Facebook Further Reduces Your Control Over Personal Information - jlhamilton
http://www.eff.org/deeplinks/2010/04/facebook-further-reduces-control-over-personal-information
======
fnid2
This weekend one of my friends (IRL) asked me why I wasn't on Facebook. She
was shocked, as many who know me are, when I tell them I am not on facebook.
They see me as a internet guru. How can an internet guru not be on facebook?
What they don't know is that most Internet Gurus I know are also not on
facebook.

The reason I am not on facebook is quite simple, I do not want to give
facebook my private information, because I do not trust Facebook. I do not
trust Mark Z. I do not believe that they have individual users' best interests
at heart.

What I do believe is that they are interested in getting more users, sharing
more information, and making more money. None of these are in my best
interest. In fact, as Facebook gets more users, the quality of facebook will
continue to decline, as will their treatment of those users.

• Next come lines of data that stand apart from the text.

lemma reg_graphs_permute:
  assumes \<pi>: "\<pi> permutes {..<n}" and G: "G \<in> reg_graphs n d"
  shows "(`) \<pi> ` G \<in> reg_graphs n d"
proof -
  have inj: "inj \<pi>" using \<pi> by (rule permutes_inj)
  have lt: "\<pi> x < n \<longleftrightarrow> x < n" for x using permutes_in_image[OF \<pi>] by simp
  have "(`) \<pi> ` G \<subseteq> vpairs n"
  proof
    fix f assume "f \<in> (`) \<pi> ` G"
    then obtain g where "g \<in> G" "f = \<pi> ` g" by blast
    moreover obtain x y where "g = {x, y}" "x < n" "y < n" "x \<noteq> y"
      using reg_graphs_subset_vpairs[OF G] \<open>g \<in> G\<close> unfolding vpairs_def by blast
    ultimately show "f \<in> vpairs n" using inj lt by (auto simp: doubleton_in_vpairs_iff inj_eq)
  qed
  moreover have "card {f \<in> (`) \<pi> ` G. w \<in> f} = d" if "w < n" for w
  proof -
    have "w \<in> \<pi> ` f \<longleftrightarrow> inv \<pi> w \<in> f" for f
      using permutes_inverses[OF \<pi>] by (metis image_iff)
    then have "{f \<in> (`) \<pi> ` G. w \<in> f} = (`) \<pi> ` {f \<in> G. inv \<pi> w \<in> f}" by auto
    moreover have "inj_on ((`) \<pi>) {f \<in> G. inv \<pi> w \<in> f}"
      using inj by (auto simp: inj_on_def inj_image_eq_iff)
    moreover have "inv \<pi> w < n" using permutes_in_image[OF permutes_inv[OF \<pi>]] that by simp
    ultimately show ?thesis using G by (simp add: card_image reg_graphs_def)
  qed
  ultimately show ?thesis unfolding reg_graphs_def by simp
qed

lemma card_oriented_edges_fst:
  assumes G: "G \<in> reg_graphs n d"
  shows "card {(x, y). {x, y} \<in> G \<and> x \<in> X} = card (X \<inter> {..<n}) * d"
proof -
  have GV: "G \<subseteq> vpairs n" using G by (rule reg_graphs_subset_vpairs)
  have "{(x, y). {x, y} \<in> G \<and> x \<in> X} = (SIGMA x:X \<inter> {..<n}. {y. {x, y} \<in> G})"
    using GV doubleton_in_vpairs_iff by blast
  then have "card {(x, y). {x, y} \<in> G \<and> x \<in> X} = (\<Sum>x\<in>X \<inter> {..<n}. card {y. {x, y} \<in> G})"
    using finite_nbrs[OF GV] by simp
  also have "\<dots> = (\<Sum>x\<in>X \<inter> {..<n}. d)" using card_nbrs_reg[OF G] by (intro sum.cong) auto
  finally show ?thesis by simp
qed

lemma card_oriented_edges_snd:
  assumes G: "G \<in> reg_graphs n d"
  shows "card {(x, y). {x, y} \<in> G \<and> y \<in> X} = card (X \<inter> {..<n}) * d"
proof -
  have "{(x, y). {x, y} \<in> G \<and> y \<in> X} = prod.swap ` {(x, y). {x, y} \<in> G \<and> x \<in> X}"
    by (auto simp: image_iff insert_commute)
  then show ?thesis
    using card_oriented_edges_fst[OF G] by (simp add: card_image)
qed

lemma card_oriented_pairs_le:
  fixes E :: "'a :: linorder set set"
  assumes "finite E" "A \<subseteq> {(x, y). {x, y} \<in> E}"
  shows "card A \<le> 2 * card E"
proof -
  define orient where "orient = (\<lambda>(f :: 'a set, b :: bool). if b then (Min f, Max f) else (Max f, Min f))"
  have "A \<subseteq> orient ` (E \<times> UNIV)"
  proof
    fix p assume "p \<in> A"
    then obtain x y where "p = (x, y)" "{x, y} \<in> E" using assms(2) by auto
    then show "p \<in> orient ` (E \<times> UNIV)"
      by (intro image_eqI[where x = "({x, y}, x \<le> y)"]) (auto simp: orient_def)
  qed
  then have "card A \<le> card (orient ` (E \<times> UNIV))" using assms(1) by (intro card_mono) auto
  also have "\<dots> \<le> card (E \<times> (UNIV :: bool set))" using assms(1) by (intro card_image_le) auto
  finally show ?thesis by (simp add: card_cartesian_product mult.commute)
qed

definition reg_switch :: "nat set set \<Rightarrow> nat \<Rightarrow> nat \<Rightarrow> nat \<Rightarrow> nat \<Rightarrow> nat set set" where
  "reg_switch G u v x y = insert {u, x} (insert {v, y} (G - {{u, v}, {x, y}}))"

definition reg_switch_pairs ::
    "nat set set \<Rightarrow> nat set set \<Rightarrow> nat set set \<Rightarrow> nat \<Rightarrow> nat \<Rightarrow> (nat \<times> nat) set" where
  "reg_switch_pairs E1 E2 G u v = {(x, y). {x, y} \<in> G - E1 \<and> x \<notin> {u, v} \<and> y \<notin> {u, v} \<and>
     {u, x} \<notin> G \<union> E2 \<and> {v, y} \<notin> G \<union> E2}"

lemma card_reg_forbidden_ends_le:
  assumes G: "G \<in> reg_graphs n d" and "finite E2" "w < n"
  shows "card (({u, v} \<union> {x. {w, x} \<in> G} \<union> {x. {w, x} \<in> E2}) \<inter> {..<n}) \<le> 2 + d + card E2"
proof -
  have "card (({u, v} \<union> {x. {w, x} \<in> G} \<union> {x. {w, x} \<in> E2}) \<inter> {..<n})
      \<le> card {u, v} + card {x. {w, x} \<in> G} + card E2"
    using finite_nbrs[OF reg_graphs_subset_vpairs[OF G]] assms(2)
    by (intro card_Un_preimage_Int_le[where h = "\<lambda>x. {w, x}"]) (auto simp: inj_def doubleton_eq_iff)
  moreover have "card {u, v} \<le> 2" by (cases "u = v") auto
  ultimately show ?thesis using card_nbrs_reg[OF G assms(3)] by linarith
qed

lemma card_reg_switch_pairs_ge:
  assumes G: "G \<in> reg_graphs n d" and "finite E1" "finite E2" "u < n" "v < n"
  shows "n * d - switching_loss d (card E1) (card E2) \<le> card (reg_switch_pairs E1 E2 G u v)"
proof -
  define P where "P = {(x, y). {x, y} \<in> G}"
  define X where "X = {u, v} \<union> {x. {u, x} \<in> G} \<union> {x. {u, x} \<in> E2}"
  define Y where "Y = {u, v} \<union> {y. {v, y} \<in> G} \<union> {y. {v, y} \<in> E2}"
  have "P \<subseteq> {..<n} \<times> {..<n}"
    using reg_graphs_subset_vpairs[OF G] doubleton_in_vpairs_iff unfolding P_def by blast
  then have "finite P" by (rule finite_subset) auto
  have "card P = n * d" using card_oriented_edges_fst[OF G, of UNIV] by (simp add: P_def)
  have "card (P \<inter> {(x, y). {x, y} \<in> E1}) \<le> 2 * card E1"
    using assms(2) by (rule card_oriented_pairs_le) auto
  moreover have "card (P \<inter> {(x, y). x \<in> X}) \<le> (2 + d + card E2) * d"
  proof -
    have "P \<inter> {(x, y). x \<in> X} = {(x, y). {x, y} \<in> G \<and> x \<in> X}" unfolding P_def by auto
    moreover have "card (X \<inter> {..<n}) \<le> 2 + d + card E2"
      unfolding X_def by (rule card_reg_forbidden_ends_le[OF G assms(3,4)])
    ultimately show ?thesis
      using card_oriented_edges_fst[OF G, of X] mult_le_mono1 by metis
  qed
  moreover have "card (P \<inter> {(x, y). y \<in> Y}) \<le> (2 + d + card E2) * d"
  proof -
    have "P \<inter> {(x, y). y \<in> Y} = {(x, y). {x, y} \<in> G \<and> y \<in> Y}" unfolding P_def by auto
    moreover have "card (Y \<inter> {..<n}) \<le> 2 + d + card E2"
      unfolding Y_def by (rule card_reg_forbidden_ends_le[OF G assms(3,5)])
    ultimately show ?thesis
      using card_oriented_edges_snd[OF G, of Y] mult_le_mono1 by metis
  qed
  moreover have "card P - (card (P \<inter> {(x, y). {x, y} \<in> E1}) + card (P \<inter> {(x, y). x \<in> X})
      + card (P \<inter> {(x, y). y \<in> Y})) \<le> card (reg_switch_pairs E1 E2 G u v)"
    using \<open>finite P\<close> by (rule card_ge_of_Diff_Un3_subset) (auto simp: P_def X_def Y_def reg_switch_pairs_def)
  ultimately show ?thesis
    unfolding \<open>card P = n * d\<close> switching_loss_def by (simp add: algebra_simps)
qed

lemma reg_switch_in_reg_graphs:
  assumes G: "G \<in> reg_graphs n d" and uv: "{u, v} \<in> G" and xy: "{x, y} \<in> G"
    and dist: "x \<notin> {u, v}" "y \<notin> {u, v}" and new: "{u, x} \<notin> G" "{v, y} \<notin> G"
  shows "reg_switch G u v x y \<in> reg_graphs n d"
proof -
  let ?H = "reg_switch G u v x y"
  have GV: "G \<subseteq> vpairs n" using G by (rule reg_graphs_subset_vpairs)
  have uv': "u < n" "v < n" "u \<noteq> v" and xy': "x < n" "y < n" "x \<noteq> y"
    using uv xy GV doubleton_in_vpairs_iff by blast+
  have "?H \<subseteq> vpairs n"
    using GV uv' xy' dist by (auto simp: reg_switch_def doubleton_in_vpairs_iff)
  moreover have "card {w. {z, w} \<in> ?H} = d" if "z < n" for z
  proof -
    let ?N = "{w. {z, w} \<in> G}"
    have fin: "finite ?N" using GV by (rule finite_nbrs)
    have deg: "card ?N = d" using card_nbrs_reg[OF G that] .
    have swap: "card (insert b (?N - {a})) = d" if "a \<in> ?N" "b \<notin> ?N" for a b
      using card_insert_Diff_swap[OF fin that] deg by simp
    consider "z = u" | "z = v" | "z = x" | "z = y" | "z \<notin> {u, v, x, y}" by auto
    then show ?thesis
    proof cases
      case 1
      then have "{w. {z, w} \<in> ?H} = insert x (?N - {v})"
        using dist uv' xy' by (auto simp: reg_switch_def doubleton_eq_iff)
      then show ?thesis using swap[of v x] 1 uv new by (simp add: insert_commute)
    next
      case 2
      then have "{w. {z, w} \<in> ?H} = insert y (?N - {u})"
        using dist uv' xy' by (auto simp: reg_switch_def doubleton_eq_iff)
      then show ?thesis using swap[of u y] 2 uv new by (simp add: insert_commute)
    next
      case 3
      then have "{w. {z, w} \<in> ?H} = insert u (?N - {y})"
        using dist uv' xy' by (auto simp: reg_switch_def doubleton_eq_iff)
      then show ?thesis using swap[of y u] 3 xy new by (simp add: insert_commute)
    next
      case 4
      then have "{w. {z, w} \<in> ?H} = insert v (?N - {x})"
        using dist uv' xy' by (auto simp: reg_switch_def doubleton_eq_iff)
      then show ?thesis using swap[of x v] 4 xy new by (simp add: insert_commute)
    next
      case 5
      then have "{w. {z, w} \<in> ?H} = ?N" by (auto simp: reg_switch_def doubleton_eq_iff)
      then show ?thesis using deg by simp
    qed
  qed
  ultimately show ?thesis by (simp add: reg_graphs_iff_nbrs)
qed

lemma reg_switch_inverse:
  assumes "{u, v} \<in> G" "{x, y} \<in> G" "x \<notin> {u, v}" "y \<notin> {u, v}" "{u, x} \<notin> G" "{v, y} \<notin> G"
  shows "reg_switch (reg_switch G u v x y) u x v y = G"
  using assms by (auto simp: reg_switch_def doubleton_eq_iff)
(* Let $k_p, k_s, n_s$ be positive integers with $n_s \ge k_s$, and let $\epsilon_s \in [0,1)$. Define \[ \epsilon_p = \Pr\bigl(S < k_s\bigr), \qquad S \sim \mathrm{Binomial}(n_s, 1-\epsilon_s), \] i.e. $\epsilon_p = \sum_{j=n_s-k_s+1}^{n_s}\binom{n_s}{j}\epsilon_s^{\,j}(1-\epsilon_s)^{n_s-j}$. Let \[ \mathbb{E}\bigl[T^{\mathrm{IIR}}\bigr] = \frac{k_p\, k_s}{1-\epsilon_s}, \qquad \mathbb{E}\bigl[T^{\mathrm{FR}}\bigr] = \frac{k_p\, n_s}{1-\epsilon_p}. \] Then $\mathbb{E}\bigl[T^{\mathrm{FR}}\bigr] \ge \mathbb{E}\bigl[T^{\mathrm{IIR}}\bigr]$.
   Context: Point-to-point transmission model: a chunk consists of $k_p$ packets, each consisting of $k_s$ symbols. The physical channel is a memoryless symbol erasure channel that erases each transmitted symbol independently with probability $\epsilon_s$. A packet can be decoded once any $k_s$ of its transmitted coded symbols are received, and a chunk once any $k_p$ of its coded packets are received. In the Infinite Incremental Redundancy (IIR) scheme, coded symbols of a packet are sent until $k_s$ are received (no packet erasures). The number of channel uses $T^{\mathrm{IIR}}$ to decode the chunk is then negative binomial with parameters $(k_p k_s, 1-\epsilon_s)$, so its mean is $k_p k_s/(1-\epsilon_s)$. In the Fixed Redundancy (FR) scheme, each packet is sent using exactly $n_s$ coded symbols and is erased with probability $\epsilon_p$ (the probability that fewer than $k_s$ of the $n_s$ symbols are received). Coded packets are sent ratelessly until $k_p$ packets are received. The number of channel uses $T^{\mathrm{FR}}$ therefore has mean $k_p n_s/(1-\epsilon_p)$. Note that $\epsilon_p<1$ because $\epsilon_s<1$. *)

theory Defs
  imports "HOL-Probability.Probability"
begin

definition eps_p :: "nat \<Rightarrow> nat \<Rightarrow> real \<Rightarrow> real" where
  "eps_p ns ks eps_s = measure_pmf.prob (binomial_pmf ns (1 - eps_s)) {S. S < ks}"

definition E_T_IIR :: "nat \<Rightarrow> nat \<Rightarrow> real \<Rightarrow> real" where
  "E_T_IIR kp ks eps_s = real kp * real ks / (1 - eps_s)"

definition E_T_FR :: "nat \<Rightarrow> nat \<Rightarrow> nat \<Rightarrow> real \<Rightarrow> real" where
  "E_T_FR kp ks ns eps_s = real kp * real ns / (1 - eps_p ns ks eps_s)"

end

theory Submission
  imports Defs
begin

text \<open>The received-symbol count S of one FR packet is binomial with mean n_s (1 - \<epsilon>_s), so
  Markov's inequality gives k_s \<cdot> P(S \<ge> k_s) \<le> n_s (1 - \<epsilon>_s), i.e.
  k_s (1 - \<epsilon>_p) \<le> n_s (1 - \<epsilon>_s). Dividing by the positive quantities
  (1 - \<epsilon>_s)(1 - \<epsilon>_p) and scaling by k_p is the claim.\<close>

lemma sum_of_nat_mult_binomial_ring:
  fixes a b :: "'a :: comm_semiring_1"
  shows "(\<Sum>k\<le>n. of_nat k * (of_nat (n choose k) * a ^ k * b ^ (n - k)))
           = of_nat n * a * (a + b) ^ (n - 1)"
proof (cases n)
  case 0
  then show ?thesis by simp
next
  case (Suc m)
  have "(\<Sum>k\<le>Suc m. of_nat k * (of_nat (Suc m choose k) * a ^ k * b ^ (Suc m - k)))
      = (\<Sum>j\<le>m. of_nat (Suc j * (Suc m choose Suc j)) * (a ^ Suc j * b ^ (m - j)))"
    by (subst sum.atMost_Suc_shift) (simp add: algebra_simps del: binomial_Suc_Suc)
  also have "\<dots> = (\<Sum>j\<le>m. of_nat (Suc m) * a * (of_nat (m choose j) * a ^ j * b ^ (m - j)))"
    by (simp only: Suc_times_binomial) (simp add: algebra_simps)
  also have "\<dots> = of_nat (Suc m) * a * (a + b) ^ m"
    by (simp add: sum_distrib_left[symmetric] binomial_ring atLeast0AtMost)
  finally show ?thesis
    using Suc by simp
qed

lemma expectation_binomial_pmf:
  assumes "p \<in> {0..1}"
  shows "measure_pmf.expectation (binomial_pmf n p) real = real n * p"
  using sum_of_nat_mult_binomial_ring[of n p "1 - p"]
  by (simp add: expectation_binomial_pmf'[OF assms] mult_ac)

lemma prob_binomial_pmf_atLeast_le:
  assumes "p \<in> {0..1}" "0 < k"
  shows "measure_pmf.prob (binomial_pmf n p) {m. k \<le> m} \<le> real n * p / real k"
proof -
  have "measure_pmf.prob (binomial_pmf n p) {m \<in> space (binomial_pmf n p). real k \<le> real m}
          \<le> measure_pmf.expectation (binomial_pmf n p) real / real k"
    using assms by (intro integral_Markov_inequality_measure[where A = UNIV]) auto
  then show ?thesis
    using assms by (simp add: expectation_binomial_pmf)
qed

lemma prob_binomial_pmf_atLeast_pos:
  assumes "0 < p" "p \<le> 1" "k \<le> n"
  shows "0 < measure_pmf.prob (binomial_pmf n p) {m. k \<le> m}"
proof -
  have "0 < pmf (binomial_pmf n p) n"
    using assms by simp
  also have "\<dots> \<le> measure_pmf.prob (binomial_pmf n p) {m. k \<le> m}"
    unfolding measure_pmf_single[symmetric]
    using assms by (intro measure_pmf.finite_measure_mono) auto
  finally show ?thesis .
qed

lemma one_minus_eps_p:
  "1 - eps_p ns ks eps_s = measure_pmf.prob (binomial_pmf ns (1 - eps_s)) {m. ks \<le> m}"
  unfolding eps_p_def
  by (subst measure_pmf.prob_compl[symmetric]) (auto intro!: arg_cong[where f = "measure _"])

theorem theorem1:
  fixes kp ks ns :: nat and eps_s :: real
  assumes "kp > 0" "ks > 0" "ns > 0" "ns \<ge> ks"
    and "0 \<le> eps_s" "eps_s < 1"
  shows "E_T_FR kp ks ns eps_s \<ge> E_T_IIR kp ks eps_s"
proof -
  define q where "q = 1 - eps_s"
  have q: "0 < q" "q \<le> 1"
    using assms unfolding q_def by auto
  have success_pos: "0 < 1 - eps_p ns ks eps_s"
    using q assms by (simp add: one_minus_eps_p q_def[symmetric] prob_binomial_pmf_atLeast_pos)
  have "1 - eps_p ns ks eps_s \<le> real ns * q / real ks"
    using q assms by (simp add: one_minus_eps_p q_def[symmetric] prob_binomial_pmf_atLeast_le)
  then have "real ks / q \<le> real ns / (1 - eps_p ns ks eps_s)"
    using success_pos q assms by (simp add: field_simps)
  then show ?thesis
    unfolding E_T_FR_def E_T_IIR_def q_def[symmetric]
    by (simp add: mult_left_mono times_divide_eq_right[symmetric] del: times_divide_eq_right)
qed

end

It takes a lot of money to operate 10,000 servers (or however many they have
at this point). It takes a lot of ad revenue. It takes a lot of people and
investors. All of that means continued focus on the bottom line to ensure
survival.

Facebook's only value is in the information people put into it and they will
do what they need to do with that information to keep powering those tens of
thousands of servers.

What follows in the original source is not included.